I don't want to soft sell Asperger's. But some of us could benefit from having that insight and passion and curiosity. That inability to read nuance can translate as a refusal to take anything at face value, and it's a valuable quality to have.
Q: You observed people with Asperger's to prepare. What sort of traits did you incorporate to embody Adam?
A: The main observation I had was the enormous variety of people with this syndrome. It was a useful lesson for me, personally, and a reminder that any one group is comprised of individuals. It gave me permission to be selective. I didn't have to represent all forms of Asperger's. I also learned that the stimming, or self-stimulation, which could be repetitive behavior or even conveying repetitive information, was calming to them.
Q: How do you think the Asperger's community will respond to the movie, compared to "neurotypicals," as they call us?
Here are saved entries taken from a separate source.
text \<open>Terms of the double series  <f, Y_W(Y_V(u1,z1-z2)u2,z2) w>.\<close>
definition iter_series :: "('v \<Rightarrow> 'v \<Rightarrow> int \<Rightarrow> 'v) \<Rightarrow> ('v \<Rightarrow> 'w \<Rightarrow> int \<Rightarrow> 'w) \<Rightarrow> ('w \<Rightarrow> complex) \<Rightarrow> 'v \<Rightarrow> 'v \<Rightarrow> complex \<Rightarrow> complex \<Rightarrow> 'w \<Rightarrow> int \<times> int \<Rightarrow> complex" where
  "iter_series YV YW f u1 u2 z1 z2 w = (\<lambda>(k1, k2). f (YW (YV u1 u2 k1) w k2) * (z1 - z2) powi k1 * z2 powi k2)"

definition abs_conv_to :: "('k \<Rightarrow> complex) \<Rightarrow> 'k set \<Rightarrow> complex \<Rightarrow> bool" where
  "abs_conv_to F I s \<longleftrightarrow> (\<lambda>k. norm (F k)) summable_on I \<and> (F has_sum s) I"

definition polynomial_fn :: "nat \<Rightarrow> (complex list \<Rightarrow> complex) \<Rightarrow> bool" where
  "polynomial_fn n P \<longleftrightarrow> (\<exists>S c. finite S \<and>
     (\<forall>zs. length zs = n \<longrightarrow> P zs = (\<Sum>\<alpha>\<in>S. c \<alpha> * (\<Prod>i<n. (zs ! i) ^ (\<alpha> ! i)))))"

definition rational_poles :: "nat \<Rightarrow> (complex list \<Rightarrow> complex) \<Rightarrow> bool" where
  "rational_poles n R \<longleftrightarrow> (\<exists>P a b. polynomial_fn n P \<and>
     (\<forall>zs. length zs = n \<and> (\<forall>i<n. zs ! i \<noteq> 0) \<and> (\<forall>i j. i < j \<and> j < n \<longrightarrow> zs ! i \<noteq> zs ! j) \<longrightarrow>
        R zs = P zs / ((\<Prod>i<n. (zs ! i) ^ a i) *
                       (\<Prod>p\<in>{(i, j). i < j \<and> j < n}. (zs ! fst p - zs ! snd p) ^ b (fst p) (snd p)))))"

definition region_desc :: "complex list \<Rightarrow> bool" where
  "region_desc zs \<longleftrightarrow> (\<forall>i. Suc i < length zs \<longrightarrow> norm (zs ! Suc i) < norm (zs ! i)) \<and>
                       (\<forall>i<length zs. zs ! i \<noteq> 0)"

definition product_rationality :: "('i \<Rightarrow> 'w::ab_group_add set) \<Rightarrow> ('w \<Rightarrow> complex) set \<Rightarrow> ('v \<Rightarrow> 'w \<Rightarrow> int \<Rightarrow> 'w) \<Rightarrow> bool" where
  "product_rationality G D Y \<longleftrightarrow> (\<forall>n us w f. f \<in> D \<and> length us = n \<longrightarrow>
     (\<exists>R. rational_poles n R \<and> (\<forall>zs. length zs = n \<and> region_desc zs \<longrightarrow>
          abs_conv_to (prod_series Y f us zs w) {ks. length ks = n} (R zs))))"

definition iterate_rationality :: "('w \<Rightarrow> complex) set \<Rightarrow> ('v \<Rightarrow> 'v \<Rightarrow> int \<Rightarrow> 'v) \<Rightarrow> ('v \<Rightarrow> 'w \<Rightarrow> int \<Rightarrow> 'w) \<Rightarrow> bool" where
  "iterate_rationality D YV YW \<longleftrightarrow> (\<forall>u1 u2 w f. f \<in> D \<longrightarrow>
     (\<exists>R. rational_poles 2 R \<and> (\<forall>z1 z2. norm z2 > norm (z1 - z2) \<and> norm (z1 - z2) > 0 \<longrightarrow>
          abs_conv_to (iter_series YV YW f u1 u2 z1 z2 w) UNIV (R [z1, z2]))))"

definition associativity :: "('w \<Rightarrow> complex) set \<Rightarrow> ('v \<Rightarrow> 'v \<Rightarrow> int \<Rightarrow> 'v) \<Rightarrow> ('v \<Rightarrow> 'w \<Rightarrow> int \<Rightarrow> 'w) \<Rightarrow> bool" where
  "associativity D YV YW \<longleftrightarrow> (\<forall>u1 u2 w f z1 z2. f \<in> D \<and>
      norm z1 > norm z2 \<and> norm z2 > norm (z1 - z2) \<and> norm (z1 - z2) > 0 \<longrightarrow>
      infsum (prod_series YW f [u1, u2] [z1, z2] w) {ks. length ks = 2} =
      infsum (iter_series YV YW f u1 u2 z1 z2 w) UNIV)"

record 'v mosva_data =
  vs   :: "complex \<Rightarrow> 'v \<Rightarrow> 'v"
  vgr  :: "int \<Rightarrow> 'v set"
  vY   :: "'v \<Rightarrow> 'v \<Rightarrow> int \<Rightarrow> 'v"   (* vY u v k = coefficient of x^k in Y_V(u,x)v *)
  vvac :: "'v"
  vd   :: "'v \<Rightarrow> 'v"
  vD   :: "'v \<Rightarrow> 'v"
  vL1  :: "'v \<Rightarrow> 'v"

definition mosva :: "('v::ab_group_add, 'x) mosva_data_scheme \<Rightarrow> bool" where
  "mosva V \<longleftrightarrow>
     graded_space (vs V) (vgr V) \<and>
     (\<forall>u k. Vector_Spaces.linear (vs V) (vs V) (\<lambda>v. vY V u v k)) \<and>
     (\<forall>v k. Vector_Spaces.linear (vs V) (vs V) (\<lambda>u. vY V u v k)) \<and>
     (\<exists>N. \<forall>n<N. vgr V n = {0}) \<and>
     Vector_Spaces.linear (vs V) (vs V) (vd V) \<and>
     (\<forall>n v. v \<in> vgr V n \<longrightarrow> vd V v = vs V (of_int n) v) \<and>
     (\<forall>u v k. vd V (vY V u v k) - vY V u (vd V v) k = vs V (of_int k) (vY V u v k) + vY V (vd V u) v k) \<and>
     (\<forall>v k. vY V (vvac V) v k = (if k = 0 then v else 0)) \<and>
     (\<forall>u k. k < 0 \<longrightarrow> vY V u (vvac V) k = 0) \<and>
     (\<forall>u. vY V u (vvac V) 0 = u) \<and>
     (\<forall>v. vD V v = vY V v (vvac V) 1) \<and>
     (\<forall>u v k. vs V (of_int (k + 1)) (vY V u v (k + 1)) = vY V (vD V u) v k) \<and>
     (\<forall>u v k. vD V (vY V u v k) - vY V u (vD V v) k = vY V (vD V u) v k) \<and>
     product_rationality (vgr V) {f. graded_dual (vs V) (vgr V) f} (vY V) \<and>
     iterate_rationality {f. graded_dual (vs V) (vgr V) f} (vY V) (vY V) \<and>
     associativity {f. graded_dual (vs V) (vgr V) f} (vY V) (vY V)"

definition mobius_mosva :: "('v::ab_group_add, 'x) mosva_data_scheme \<Rightarrow> bool" where
  "mobius_mosva V \<longleftrightarrow> mosva V \<and>
     Vector_Spaces.linear (vs V) (vs V) (vD V) \<and>
     Vector_Spaces.linear (vs V) (vs V) (vL1 V) \<and>
     (\<forall>v. vd V (vD V v) - vD V (vd V v) = vD V v) \<and>
     (\<forall>v. vd V (vL1 V v) - vL1 V (vd V v) = - vL1 V v) \<and>
     (\<forall>v. vD V (vL1 V v) - vL1 V (vD V v) = vs V (-2) (vd V v)) \<and>
     (\<forall>u v k. vL1 V (vY V u v k) - vY V u (vL1 V v) k =
        vY V (vL1 V u) v k + vs V 2 (vY V (vd V u) v (k - 1)) + vY V (vD V u) v (k - 2))"

record ('v, 'w) lmod_data =
  ws  :: "complex \<Rightarrow> 'w \<Rightarrow> 'w"
  wgr :: "complex \<Rightarrow> 'w set"
  wY  :: "'v \<Rightarrow> 'w \<Rightarrow> int \<Rightarrow> 'w"   (* coefficient of x^k in Y^L_W(u,x)w *)
  wd  :: "'w \<Rightarrow> 'w"
  wD  :: "'w \<Rightarrow> 'w"
  wL0 :: "'w \<Rightarrow> 'w"
  wL1 :: "'w \<Rightarrow> 'w"

definition left_module :: "('v::ab_group_add, 'x) mosva_data_scheme \<Rightarrow> ('v, 'w::ab_group_add, 'y) lmod_data_scheme \<Rightarrow> bool" where
  "left_module V W \<longleftrightarrow>
     graded_space (ws W) (wgr W) \<and>
     (\<forall>u k. Vector_Spaces.linear (ws W) (ws W) (\<lambda>w. wY W u w k)) \<and>
     (\<forall>w k. Vector_Spaces.linear (vs V) (ws W) (\<lambda>u. wY W u w k)) \<and>
     (\<exists>R. \<forall>m. Re m < R \<longrightarrow> wgr W m = {0}) \<and>
     Vector_Spaces.linear (ws W) (ws W) (wd W) \<and>
     (\<forall>m w. w \<in> wgr W m \<longrightarrow> wd W w = ws W m w) \<and>
     (\<forall>u w k. wd W (wY W u w k) - wY W u (wd W w) k = wY W (vd V u) w k + ws W (of_int k) (wY W u w k)) \<and>
     Vector_Spaces.linear (ws W) (ws W) (wD W) \<and>
     (\<forall>m w. w \<in> wgr W m \<longrightarrow> wD W w \<in> wgr W (m + 1)) \<and>
     (\<forall>w k. wY W (vvac V) w k = (if k = 0 then w else 0)) \<and>
     (\<forall>u w k. ws W (of_int (k + 1)) (wY W u w (k + 1)) = wY W (vD V u) w k) \<and>
     (\<forall>u w k. wD W (wY W u w k) - wY W u (wD W w) k = wY W (vD V u) w k) \<and>
     product_rationality (wgr W) {f. graded_dual (ws W) (wgr W) f} (wY W) \<and>
     iterate_rationality {f. graded_dual (ws W) (wgr W) f} (vY V) (wY W) \<and>
     associativity {f. graded_dual (ws W) (wgr W) f} (vY V) (wY W)"

definition mobius_left_module :: "('v::ab_group_add, 'x) mosva_data_scheme \<Rightarrow> ('v, 'w::ab_group_add, 'y) lmod_data_scheme \<Rightarrow> bool" where
  "mobius_left_module V W \<longleftrightarrow> left_module V W \<and>
     Vector_Spaces.linear (ws W) (ws W) (wL0 W) \<and>
     Vector_Spaces.linear (ws W) (ws W) (wL1 W) \<and>
     (\<forall>w. wL0 W (wD W w) - wD W (wL0 W w) = wD W w) \<and>
     (\<forall>w. wL0 W (wL1 W w) - wL1 W (wL0 W w) = - wL1 W w) \<and>
     (\<forall>w. wD W (wL1 W w) - wL1 W (wD W w) = ws W (-2) (wL0 W w)) \<and>
     (\<forall>u w k. wL0 W (wY W u w k) - wY W u (wL0 W w) k = wY W (vd V u) w k + wY W (vD V u) w (k - 1)) \<and>
     (\<forall>u w k. wL1 W (wY W u w k) - wY W u (wL1 W w) k =
        wY W (vL1 V u) w k + ws W 2 (wY W (vd V u) w (k - 1)) + wY W (vD V u) w (k - 2)) \<and>
     (\<forall>m w. w \<in> wgr W m \<longrightarrow> (\<exists>j. ((\<lambda>x. wL0 W x - ws W m x) ^^ j) w = 0))"

text \<open>Opposite vertex operator: coefficient of x^k in
  Y^o_W(u,x)w = Y^L_W(e^{x L(1)} (-x^{-2})^{L(0)} u, x^{-1}) w.  For u of weight n this is
  sum over m of (-1)^n/m! times the coefficient of x^(m-2n-k) in Y^L_W(L(1)^m u, x) w;
  a general u is decomposed into its homogeneous components.\<close>
definition opp_Y :: "('v::ab_group_add, 'x) mosva_data_scheme \<Rightarrow> ('v, 'w::ab_group_add, 'y) lmod_data_scheme \<Rightarrow> 'v \<Rightarrow> 'w \<Rightarrow> int \<Rightarrow> 'w" where
  "opp_Y V W u w k =
     (\<Sum>n\<in>{n. component (vgr V) n u \<noteq> 0}.
        \<Sum>m\<in>{m. (vL1 V ^^ m) (component (vgr V) n u) \<noteq> 0}.
           ws W ((-1) powi n / of_nat (fact m))
             (wY W ((vL1 V ^^ m) (component (vgr V) n u)) w (int m - 2 * n - k)))"

end

theory Submission
  imports Defs
begin

text \<open>For homogeneous \<open>u\<close> of weight \<open>k\<close>, \<open>Y^o(u, x)\<close> is the finite combination
  \<open>\<Sum>\<^sub>m (-1)^k/m! x^(m-2k) Y(L(1)^m u, 1/x)\<close>. Hence every coefficient of
  \<open>Y^o(u_n, z_n) \<cdots> Y^o(u_1, z_1)\<close> is a finite combination of coefficients of ordinary
  products \<open>Y(v_n, 1/z_n) \<cdots> Y(v_1, 1/z_1)\<close>, with the exponents reindexed by \<open>k \<mapsto> e - k\<close>.
  On \<open>|z_1| > \<cdots> > |z_n| > 0\<close> the reflected variables \<open>1/z_n, \<dots>, 1/z_1\<close> are again in
  descending order, so rationality of products for the module gives absolute convergence, and the
  sum is a finite combination of monomials times rational functions of \<open>1/z_n, \<dots>, 1/z_1\<close>.
  Inverting the variables keeps the poles on the hyperplanes \<open>z_i = 0\<close>, \<open>z_i = z_j\<close>,
  because \<open>1/(1/x - 1/y) = xy/(y - x)\<close>.\<close>

definition power_product :: "nat \<Rightarrow> nat list \<Rightarrow> complex list \<Rightarrow> complex" where
  "power_product n \<alpha> zs = (\<Prod>i<n. (zs ! i) ^ (\<alpha> ! i))"

lemma polynomial_fn_iff_power_products:
  "polynomial_fn n P \<longleftrightarrow>
     (\<exists>S c. finite S \<and> (\<forall>zs. length zs = n \<longrightarrow> P zs = (\<Sum>\<alpha>\<in>S. c \<alpha> * power_product n \<alpha> zs)))"
  unfolding polynomial_fn_def power_product_def ..

lemma polynomial_fnI:
  assumes "finite X" "\<And>zs. length zs = n \<Longrightarrow> P zs = (\<Sum>x\<in>X. g x * power_product n (h x) zs)"
  shows "polynomial_fn n P"
  unfolding polynomial_fn_iff_power_products
proof (intro exI conjI allI impI)
  show "finite (h ` X)" using assms(1) by simp
  fix zs :: "complex list" assume "length zs = n"
  then have "P zs = (\<Sum>x\<in>X. g x * power_product n (h x) zs)" by (rule assms(2))
  also have "\<dots> = (\<Sum>y\<in>h ` X. \<Sum>x\<in>{x. x \<in> X \<and> h x = y}. g x * power_product n (h x) zs)"
    by (rule sum.image_gen[OF assms(1)])
  also have "\<dots> = (\<Sum>y\<in>h ` X. (\<Sum>x\<in>{x. x \<in> X \<and> h x = y}. g x) * power_product n y zs)"
    by (intro sum.cong refl) (auto simp: sum_distrib_right)
  finally show "P zs = \<dots>" .
qed

lemma polynomial_fnE:
  assumes "polynomial_fn n P"
  obtains S c where "finite S" "\<And>zs. length zs = n \<Longrightarrow> P zs = (\<Sum>\<alpha>\<in>S. c \<alpha> * power_product n \<alpha> zs)"
  using assms unfolding polynomial_fn_iff_power_products by blast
A: Well, I know because I've watched the film with people with Asperger's in the room. While it might take someone else a while to figure out what's going on, they get it right away, and so a lot of the laughs and comedy is from that recognition. And ultimately what they take from the movie is what someone who knows nothing about the syndrome takes away, because it's a universal story about the difficulty and desirability of making a connection. There aren't a lot of models of this in film.
Q: Well, there's a few autistic characters in film, but they're usually portrayed as children, save for the occasional adult male, such as in Rain Man...
A: The only movie that feels close is Being There, with Peter Sellers. But that's a very different tone of a movie. That's a fable, a satire, and we weren't trying to make a fable. The difficulty for me was that Adam himself needs to remind you of normal people. People with Asperger's don't scream out to the world that they have a quote-unquote "condition." They can pass, if you like, and they're constantly passing as neurotypicals, like you and me, because the gulf between them and us is not so huge. And so people don't make exceptions for them on the grounds that they need help, because they don't see it. I wanted to put him in that gray area.
Q: So we can actually understand what it must feel like.
A: That's the aim. The whole central quality of the condition is they can't empathize, so there's something mildly paradoxical about empathizing with them. The point of the character is to be as specific as I could get to where you can identity with Adam, and imagine seeing through his eyes. But we're not here to teach about Asperger's. We're delighted that it has that effect, but that's not what we talked about on set. The story is about Adam, but like any story, any love story, any romance, you're trying to see the world through some other person's eyes.
Q: Do you agree with Amy Irving's character, when she says, "Feeling loved is important... but loving is the necessity"?
A: It's not like I have it tattooed on my arm! [Laughs] But yes, it states the case, the alternative case, very strongly. I like that the movie leaves it open, so the line resonates. I don't know if that's necessarily the moral of the movie. When people ask about the message, I don't think it has to have just one. I think it has more than one. And it's not a happy ending that wraps it all up in the end. It's more broadly hopeful, and more the way life really works.